With that song and others, there's surprisingly a fair amount of Pop appeal here. Another unfortunate side of Casino wanting to expand his tastes, tracks like 'Thanks To You' and 'Into The Fire' sound virtually nothing like Cloud Rap, his origins. These past few years have proved that he can work under different limitations though, and a few of those on 32 Levels he actually gets to flourish. The Kelly Zutrau-assisted 'Back To You' is a sprightly, graceful tune that bounces off numerous melodies, allowing Zutrau to showcase a unique perspective shift in the verses while returning to a more Pop-oriented chorus. And while 'Into The Fire' with Mikky Ekko is fairly generic, almost too generic, I could easily see this landing on radio stations if the lead singer were more famous. Just like genre-spanning DJ's before him, Casino has used 32 Levels as a showcase to his overall talents more than an actual album that follows a set theme. One minute you're listening to Lil B ramble non-sequiturs about self-improvement, the next you're witnessing Sam Herring (of Future Islands fame) sing as if possessed by his on-air personality during his David Letterman performance before slowly turning into the anti-christ.

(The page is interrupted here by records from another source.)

text \<open>Structural hypotheses on V: last d+m rows of V21 and V22.\<close>
definition V_struct :: "nat \<Rightarrow> nat \<Rightarrow> real \<Rightarrow> real \<Rightarrow> (nat \<Rightarrow> nat \<Rightarrow> real) \<Rightarrow> bool" where
  "V_struct d m alpha beta V \<longleftrightarrow>
     (\<forall>i. 1 \<le> i \<and> i \<le> d + m \<longrightarrow>
        (\<forall>c < 2*d + m + 1.
           V (2*d + m + 1 + i) c =
             (if i \<le> m \<and> c = 2*d + 1 + (i - 1) then alpha
              else if m < i \<and> c = i - m - 1 then beta
              else 0)) \<and>
        (\<forall>c \<le> d + m. V (2*d + m + 1 + i) (2*d + m + 1 + c) = 0))"

end

theory Submission
  imports Defs
begin

text \<open>Rescaling \<open>P\<close> by \<open>c\<close> and \<open>V\<close> by \<open>1/c\<close> cancels in the attention product, so we may take
  \<open>c = 1\<close>. The block structure of \<open>P\<close> turns the last prompt column into the query
  \<open>[-w; w; 1; 0]\<close>, whose inner product with the data column \<open>i\<close> is exactly the TD error
  \<open>\<delta>\<^sub>i\<close> and with the last column is \<open>0\<close>. The block structure of \<open>V\<close> makes the value of
  column \<open>i\<close> in output row \<open>k\<close> equal to \<open>\<alpha>\<gamma>\<^sup>i g(s\<^sub>i,a\<^sub>i)\<^sub>k\<close> (actor rows) or \<open>\<beta>\<phi>\<^sub>V(s\<^sub>i)\<^sub>k\<close>
  (critic rows), so the residual update of the last column is the batch actor-critic step.\<close>

lemma sum_lessThan_add:
  fixes a e :: nat
  shows "(\<Sum>i<a + e. f i) = (\<Sum>i<a. f i) + (\<Sum>i<e. f (a + i))"
  by (induction e) (simp_all add: add.assoc)

lemma lsa_out_rescale:
  fixes c :: real
  assumes "c \<noteq> 0"
  shows "lsa_out D n (\<lambda>i j. c * P i j) (\<lambda>i j. V i j / c) H = lsa_out D n P V H"
proof -
  have "(\<Sum>l<D. V i l / c * H l k) * (\<Sum>p<D. \<Sum>q<D. H p k * (c * P p q) * H q j)
      = (\<Sum>l<D. V i l * H l k) * (\<Sum>p<D. \<Sum>q<D. H p k * P p q * H q j)" for i j k
    using assms by (simp add: sum_divide_distrib[symmetric] sum_distrib_left[symmetric] ac_simps)
  then show ?thesis unfolding lsa_out_def by simp
qed

lemma lsa_out_via_query:
  assumes "\<And>p. p < D \<Longrightarrow> (\<Sum>q<D. P p q * H q j) = x p"
  shows "lsa_out D n P V H i j
    = H i j + 1 / real n * (\<Sum>k\<le>n. (\<Sum>l<D. V i l * H l k) * (\<Sum>p<D. H p k * x p))"
proof -
  have "(\<Sum>p<D. \<Sum>q<D. H p k * P p q * H q j) = (\<Sum>p<D. H p k * x p)" for k
    using assms by (simp add: sum_distrib_left[symmetric] mult.assoc)
  then show ?thesis unfolding lsa_out_def by simp
qed

definition ac_query :: "nat \<Rightarrow> (nat \<Rightarrow> real) \<Rightarrow> nat \<Rightarrow> real" where
  "ac_query d w p = (if p < d then - w p else if p < 2*d then w (p - d) else if p = 2*d then 1 else 0)"

lemma P_struct_mult_prompt_last:
  assumes "P_struct d m P" "p < 3*d + 2*m + 2"
  shows "(\<Sum>q<3*d + 2*m + 2. P p q * ac_prompt d m n gam phiV phiP lam w r s a q n)
    = ac_query d w p"
proof -
  define b where "b = 2*d + m + 1"
  let ?H = "ac_prompt d m n gam phiV phiP lam w r s a"
  have left: "\<forall>i < b. \<forall>c \<le> d + m. P i (b + c) =
          (if i < d \<and> c = m + 1 + i then -1
           else if d \<le> i \<and> i < 2*d \<and> c = m + 1 + (i - d) then 1
           else if i = 2*d \<and> c = 0 then 1 else 0)"
    and right: "\<forall>i \<le> d + m. \<forall>c \<le> d + m. P (b + i) (b + c) = 0"
    using assms(1) unfolding P_struct_def b_def by blast+
  have D: "3*d + 2*m + 2 = b + (d + m + 1)"
    by (simp add: b_def)
  have "(\<Sum>q<3*d + 2*m + 2. P p q * ?H q n) = (\<Sum>c<d + m + 1. P p (b + c) * ?H (b + c) n)"
    unfolding D sum_lessThan_add by (simp add: ac_prompt_def b_def)
  also have "\<dots> = ac_query d w p"
  proof (cases "p < b")
    case True
    define col where "col = (if p < d then m + 1 + p else if p < 2*d then m + 1 + (p - d) else 0)"
    have "P p (b + c) * ?H (b + c) n = (if c = col then ac_query d w p else 0)"
      if "c < d + m + 1" for c
      using left True that by (auto simp: col_def ac_query_def ac_prompt_def b_def)
    then have "(\<Sum>c<d + m + 1. P p (b + c) * ?H (b + c) n)
        = (\<Sum>c<d + m + 1. if c = col then ac_query d w p else 0)"
      by (intro sum.cong) auto
    also have "\<dots> = ac_query d w p"
      by (auto simp: col_def)
    finally show ?thesis .
  next
    case False
    have "P p (b + c) = 0" if "c < d + m + 1" for c
      using right[rule_format, of "p - b" c] False that assms(2) by (simp add: b_def)
    then show ?thesis
      using False by (simp add: ac_query_def b_def)
  qed
  finally show ?thesis .
qed

lemma ac_prompt_last_inner_query:
  "(\<Sum>p<3*d + 2*m + 2. ac_prompt d m n gam phiV phiP lam w r s a p n * ac_query d w p) = 0"
  by (intro sum.neutral) (auto simp: ac_prompt_def ac_query_def)

lemma ac_prompt_inner_query:
  assumes "j < n"
  shows "(\<Sum>p<3*d + 2*m + 2. ac_prompt d m n gam phiV phiP lam w r s a p j * ac_query d w p)
    = td_err d gam phiV w r s j"
proof -
  let ?f = "\<lambda>p. ac_prompt d m n gam phiV phiP lam w r s a p j * ac_query d w p"
  have "(\<Sum>p<3*d + 2*m + 2. ?f p) = (\<Sum>p<Suc (d + d). ?f p)"
    by (rule sum.mono_neutral_right) (auto simp: ac_query_def)
  also have "\<dots> = (\<Sum>p<d. ?f p) + (\<Sum>p<d. ?f (d + p)) + ?f (2*d)"
    by (simp add: sum_lessThan_add mult_2)
  also have "\<dots> = - (\<Sum>p<d. w p * phiV (s j) p) + gam * (\<Sum>p<d. w p * phiV (s (Suc j)) p)
      + r (Suc j)"
    using assms by (simp add: ac_prompt_def ac_query_def sum_distrib_left sum_negf ac_simps)
  finally show ?thesis
    by (simp add: td_err_def inner_n_def)
qed

lemma V_struct_mult_prompt:
  assumes "V_struct d m alpha beta V" "k < m + d"
  shows "(\<Sum>l<3*d + 2*m + 2. V (2*d + m + 2 + k) l * ac_prompt d m n gam phiV phiP lam w r s a l j)
    = (if k < m then alpha * ac_prompt d m n gam phiV phiP lam w r s a (2*d + 1 + k) j
       else beta * ac_prompt d m n gam phiV phiP lam w r s a (k - m) j)"
proof -
  define b where "b = 2*d + m + 1"
  define col where "col = (if k < m then 2*d + 1 + k else k - m)"
  let ?H = "ac_prompt d m n gam phiV phiP lam w r s a"
  have "1 \<le> Suc k \<and> Suc k \<le> d + m"
    using assms(2) by simp
  then have left: "\<forall>l < b. V (b + Suc k) l = (if Suc k \<le> m \<and> l = 2*d + 1 + (Suc k - 1) then alpha
        else if m < Suc k \<and> l = Suc k - m - 1 then beta else 0)"
    and right: "\<forall>l \<le> d + m. V (b + Suc k) (b + l) = 0"
    using assms(1) unfolding V_struct_def b_def by blast+
  have row: "V (b + Suc k) l = (if k < m \<and> l = 2*d + 1 + k then alpha
      else if m \<le> k \<and> l = k - m then beta else 0)" if "l < 3*d + 2*m + 2" for l
  proof (cases "l < b")
    case True
    then show ?thesis
      using left by auto
  next
    case False
    have "l - b \<le> d + m"
      using that by (simp add: b_def)
    then have "V (b + Suc k) (b + (l - b)) = 0"
      using right by blast
    then show ?thesis
      using False assms(2) by (auto simp: b_def)
  qed
  have "(\<Sum>l<3*d + 2*m + 2. V (b + Suc k) l * ?H l j)
      = (\<Sum>l<3*d + 2*m + 2. if l = col then (if k < m then alpha else beta) * ?H col j else 0)"
    using row by (intro sum.cong) (auto simp: col_def)
  also have "\<dots> = (if k < m then alpha else beta) * ?H col j"
    using assms(2) by (auto simp: col_def)
  finally show ?thesis
    by (simp add: b_def col_def)
qed

theorem theorem3:
  fixes d m n :: nat and gam alpha beta c :: real
    and P V :: "nat \<Rightarrow> nat \<Rightarrow> real"
    and phiV :: "'s \<Rightarrow> nat \<Rightarrow> real"
    and phiP :: "'s \<Rightarrow> 'a::finite \<Rightarrow> nat \<Rightarrow> real"
    and lam w r :: "nat \<Rightarrow> real"
    and s :: "nat \<Rightarrow> 's" and a :: "nat \<Rightarrow> 'a"
  assumes "d \<ge> 1" and "m \<ge> 1" and "n \<ge> 1"
    and "0 \<le> gam" and "gam < 1" and "alpha > 0" and "beta > 0"
    and "P_struct d m P" and "V_struct d m alpha beta V"
    and "c \<noteq> 0"
  shows "\<forall>k < m + d.
     tf_readout (3*d + 2*m + 2) n (d + m) (\<lambda>i j. c * P i j) (\<lambda>i j. V i j / c)
       (ac_prompt d m n gam phiV phiP lam w r s a) k
     = (if k < m then lam_AC d m n alpha gam phiV phiP lam w r s a k
        else w_AC d n beta gam phiV w r s (k - m))"
proof (intro allI impI)
  fix k assume k: "k < m + d"
  let ?H = "ac_prompt d m n gam phiV phiP lam w r s a"
  let ?D = "3*d + 2*m + 2"
  let ?i = "2*d + m + 2 + k"
  let ?x = "\<lambda>j. if k < m then alpha * ?H (2*d + 1 + k) j else beta * ?H (k - m) j"
  have "tf_readout ?D n (d + m) (\<lambda>i j. c * P i j) (\<lambda>i j. V i j / c) ?H k = lsa_out ?D n P V ?H ?i n"
    using \<open>c \<noteq> 0\<close> by (simp add: tf_readout_def lsa_out_rescale add.commute add.left_commute)
  also have "\<dots> = ?H ?i n + 1 / real n *
      (\<Sum>j\<le>n. (\<Sum>l<?D. V ?i l * ?H l j) * (\<Sum>p<?D. ?H p j * ac_query d w p))"
    using \<open>P_struct d m P\<close> by (intro lsa_out_via_query P_struct_mult_prompt_last)
  also have "\<dots> = ?H ?i n + 1 / real n * (\<Sum>j<n. ?x j * td_err d gam phiV w r s j)"
  proof -
    have "(\<Sum>l<?D. V ?i l * ?H l j) = ?x j" for j
      using \<open>V_struct d m alpha beta V\<close> k by (rule V_struct_mult_prompt)
    moreover have "(\<Sum>j<n. ?x j * (\<Sum>p<?D. ?H p j * ac_query d w p))
        = (\<Sum>j<n. ?x j * td_err d gam phiV w r s j)"
      by (intro sum.cong refl) (simp only: lessThan_iff ac_prompt_inner_query)
    ultimately show ?thesis
      unfolding lessThan_Suc_atMost[symmetric] sum.lessThan_Suc ac_prompt_last_inner_query by simp
  qed
  also have "\<dots> = (if k < m then lam_AC d m n alpha gam phiV phiP lam w r s a k
        else w_AC d n beta gam phiV w r s (k - m))"
    using k by (auto simp: lam_AC_def w_AC_def ac_prompt_def sum_distrib_left ac_simps intro!: sum.cong)
  finally show "tf_readout ?D n (d + m) (\<lambda>i j. c * P i j) (\<lambda>i j. V i j / c) ?H k = \<dots>" .
qed

end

Seriously, listen to 'Ghost In A Kiss' and you'll know exactly what I mean. For all the comic after effects brought on by Herring's outrageously deep voice, Casino is able to make the song work in some respects thanks to a brooding beat that veers into the atmospherics of Industrial. However, after all the flair and panache Casino drips through 32 Levels with his diverse cast of characters, guess what's likely the best song here? That's right, 'Blast.' A two-minute closer that enters the classic Clams Casino realm, pushing his identifiable Cloud Rap straight into the future, with striking bass blasts looming behind chopped vocal samples and gleaming synths. It's prime material and bittersweet, as its placement as the last breath on 32 Levels only aims to remind you what the album could've been had Casino not followed the path of others. We're in an age where producers are proving more what they can do with others and less what they can do by themselves. The genre-spanning approach dilutes what could've been a memorable project, leaving 32 Levels with a storage of untapped potential, only a few beacons shining their fullest light.